The proof of the theorem will  illustrate  some interesting techniques 
in Complexity Theory.  

%In the original paper \cite{kls}, the same techniques were used
%to show the following results:
%\begin{enumerate}
%\item $\pspace \subseteq \p/poly \implies \pspace = \Sigma_2^P \cap \Pi_2^P$
%\item $\pspace \subseteq \p/log \iff \pspace = \p$
%\item $\exptime \subseteq \pspace/poly \iff \exptime = \pspace$
%\item $\np \subseteq \p/log \iff \p=\np$
%\item $\exptime \subseteq \p/poly \implies \exptime = \Sigma_2^P \implies \p \neq \np$
%\end{enumerate}

Toward the end of the lecture, we will consider some general
results in circuit complexity starting with Claude Shannon's initial
result on the number of hard functions.

\begin{section}{NP and P/poly }\end{section} 

First, recall the definition of P/poly :
\begin{eqnarray*}
\mbox{P/poly} = \{ \mbox{ all languages, $L$, where } \exists k>0, A \in \mbox{P}, \mbox{ and a sequence of strings } \\
\{s_n\}_{n \in {\cal N}} \mbox{ such that } |s_n|=O(n^k) \mbox{ and }
w \in L \iff (w,s_{|w|}) \in A \}
\end{eqnarray*}

The $s_n$ strings can be thought of as input-size dependent advice given
to a Turing machine.  We will start by assuming that the canonical 
NP-complete problem, SAT $\in$ P/poly, and then define what it
means to for a sequence of strings to be a {\em good} sequence of advice
strings for SAT.  In turn, we will define the language, GOOD, of 
good advice sequences, and then we will show that 
$\good \in \conp$.   This allows us to construct a
$\Sigma_2 P$ TM that can guess a {\em good} sequence, then verify that the
sequence is {\em good}, and finally use the sequence to decide complete 
problems for $\Sigma_3 P$.  Therein lies the collapse of PH.

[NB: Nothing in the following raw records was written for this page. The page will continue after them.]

(* Let $n>1$ and $1\le m\le n(n-1)$ be integers, and for each integer $i\ge1$ let $e_i=(\lceil \frac{i}{n-1}\rceil,\ n-((i-1)\bmod n))$. Then $e_m$ is distinct from each of $e_1,\dots,e_{m-1}$; that is, the arc added when constructing $\mathbb G(n,m)$ from $\mathbb G(n,m-1)$ is not already an arc of $\mathbb G(n,m-1)$.
   Context: $a\bmod b\in\{0,\dots,b-1\}$ denotes the remainder. The graphs $\mathbb G(n,m)$ on vertex set $\{1,\dots,n\}$ are built inductively: $\mathbb G(n,0)$ has no arcs, and for $1\le m\le n(n-1)$, $\mathbb G(n,m)$ is obtained from $\mathbb G(n,m-1)$ by adding the arc $e_m$ (from vertex $\lceil \frac{m}{n-1}\rceil$ to vertex $n-((m-1)\bmod n)$). *)

theory Defs
  imports Complex_Main
begin

definition arc :: "nat \<Rightarrow> nat \<Rightarrow> nat \<times> nat" where
  "arc n i = (nat \<lceil>real i / real (n - 1)\<rceil>, n - ((i - 1) mod n))"

fun G_arcs :: "nat \<Rightarrow> nat \<Rightarrow> (nat \<times> nat) set" where
  "G_arcs n 0 = {}"
| "G_arcs n (Suc m) = insert (arc n (Suc m)) (G_arcs n m)"

end

theory Submission
  imports Defs
begin

text \<open>Two arcs with the same head have indices congruent modulo n, so the indices are at
  least n apart; since n > n - 1, the tails \<lceil>i/(n-1)\<rceil> of such arcs then differ.\<close>

lemma G_arcs_eq_image: "G_arcs n m = arc n ` {1..m}"
  by (induction m) (auto simp: atLeastAtMostSuc_conv)

lemma ceiling_less_ceiling_if_add_one_le:
  fixes x y :: real
  assumes "x + 1 \<le> y"
  shows "\<lceil>x\<rceil> < \<lceil>y\<rceil>"
  using ceiling_mono[OF assms] by simp

lemma snd_arc_eq_imp_index_gap:
  assumes "0 < n" "1 \<le> i" "i < m" "snd (arc n m) = snd (arc n i)"
  shows "i + n \<le> m"
proof -
  have "(m - 1) mod n = (i - 1) mod n"
    using assms by (simp add: arc_def) (metis diff_diff_cancel less_imp_le mod_less_divisor)
  then have "n dvd (m - 1) - (i - 1)"
    using assms(3) by (simp add: mod_eq_dvd_iff_nat)
  then have "n \<le> (m - 1) - (i - 1)"
    using assms(2,3) by (simp add: dvd_imp_le)
  then show ?thesis
    using assms(2,3) by linarith
qed

lemma fst_arc_less_if_index_gap:
  assumes "1 < n" "i + (n - 1) \<le> m"
  shows "fst (arc n i) < fst (arc n m)"
proof -
  have pos: "real (n - 1) > 0"
    using assms(1) by simp
  have "real i / real (n - 1) + 1 = real (i + (n - 1)) / real (n - 1)"
    using pos by (simp add: field_simps)
  also have "\<dots> \<le> real m / real (n - 1)"
    using assms(2) pos by (simp add: divide_right_mono)
  finally have "\<lceil>real i / real (n - 1)\<rceil> < \<lceil>real m / real (n - 1)\<rceil>"
    by (rule ceiling_less_ceiling_if_add_one_le)
  moreover have "0 \<le> \<lceil>real i / real (n - 1)\<rceil>"
    by (simp add: less_le_trans[of "-1" 0])
  ultimately show ?thesis
    unfolding arc_def fst_conv by (metis nat_less_eq_zless)
qed

lemma inj_on_arc:
  assumes "1 < n"
  shows "inj_on (arc n) {1..}"
proof -
  have "arc n m \<noteq> arc n i" if "1 \<le> i" "i < m" for i m
  proof
    assume eq: "arc n m = arc n i"
    then have "i + n \<le> m"
      using snd_arc_eq_imp_index_gap[OF _ that] assms by simp
    then have "fst (arc n i) < fst (arc n m)"
      using assms by (intro fst_arc_less_if_index_gap) auto
    with eq show False
      by simp
  qed
  then show ?thesis
    by (intro inj_onI) (metis atLeast_iff linorder_neqE_nat)
qed

theorem lemma9:
  fixes n m :: nat
  assumes "n > 1" and "1 \<le> m" and "m \<le> n * (n - 1)"
  shows "(\<forall>i\<in>{1..<m}. arc n m \<noteq> arc n i) \<and> arc n m \<notin> G_arcs n (m - 1)"
proof -
  have inj: "inj_on (arc n) {1..}"
    using assms(1) by (rule inj_on_arc)
  have "arc n m \<noteq> arc n i" if "i \<in> {1..<m}" for i
    using inj_onD[OF inj, of m i] that assms(2) by auto
  moreover have "arc n m \<notin> arc n ` {1..m - 1}"
    using inj_on_image_mem_iff[OF inj, of m "{1..m - 1}"] assms(2) by auto
  ultimately show ?thesis
    by (simp add: G_arcs_eq_image)
qed

end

\begin{theorem}[Karp, Lipton, Sipser]If $\np \subset \mbox{P/poly}$ then $\Sigma_3 P \equiv \Sigma_2 P$ (PH collapses)\end{theorem}

Take the $\np$ complete problem $\sat$.
Since $\sat \in \mbox{P/poly}$, then there is some constant $k$, 
some polynomial language, $A\in P$, and a sequence of strings $\{s_n\}_{n \in {\cal N}}$ such that $|s_n| < {kn^k}$ and $ w \in SAT \iff (w,s_{|w|}) \in A$.  We fix the language $A$ for the rest of this lecture.
 
\begin{definition}  The sequence of strings $(g_1,...,g_l)$ is a {\em good } sequence if
\begin{enumerate}
\item $\forall i, \ |g_i| \leq ki^k$
\item $\forall \phi, \ |\phi|<l, \phi \in SAT \iff (\phi,g_{|\phi|}) \in A$
\end{enumerate} 
\end{definition}

\begin{definition} 
$\good = \{ (g_1,...,g_l) | (g_1,...,g_l) \mbox{ is a good sequence } \}$
\end{definition}

It is easy to see that $\good \in \Pi_2 P$ by exploiting an earlier
definition that $\Pi_2 P = \mbox{co-Np}^{SAT}$.  Consider the following ATM: 
\begin{enumerate}
\item On input $(g_1,...,g_l)$, first check to make sure that 
$|g_i| \leq ki^k$ for $1\leq i \leq l$.  Otherwise, reject.
\item Next, use the $\forall$
states to choose a boolean formula $\phi$ such that $|\phi|<l$.  
\item Let $a$ be a boolean variable.  Use the polynomial TM to compute 
$a \leftarrow (\phi, s_{|\phi|}) \stackrel{?}{\in} A$.  
\item Ask the $SAT$ oracle whether $\phi \in SAT$.  
\item Accept if $a \iff \phi \in SAT$.  Otherwise, reject.
\end{enumerate}

However, we can prove an even better containment, $\good \in \conp$,
by understanding the notion of self-reducibility.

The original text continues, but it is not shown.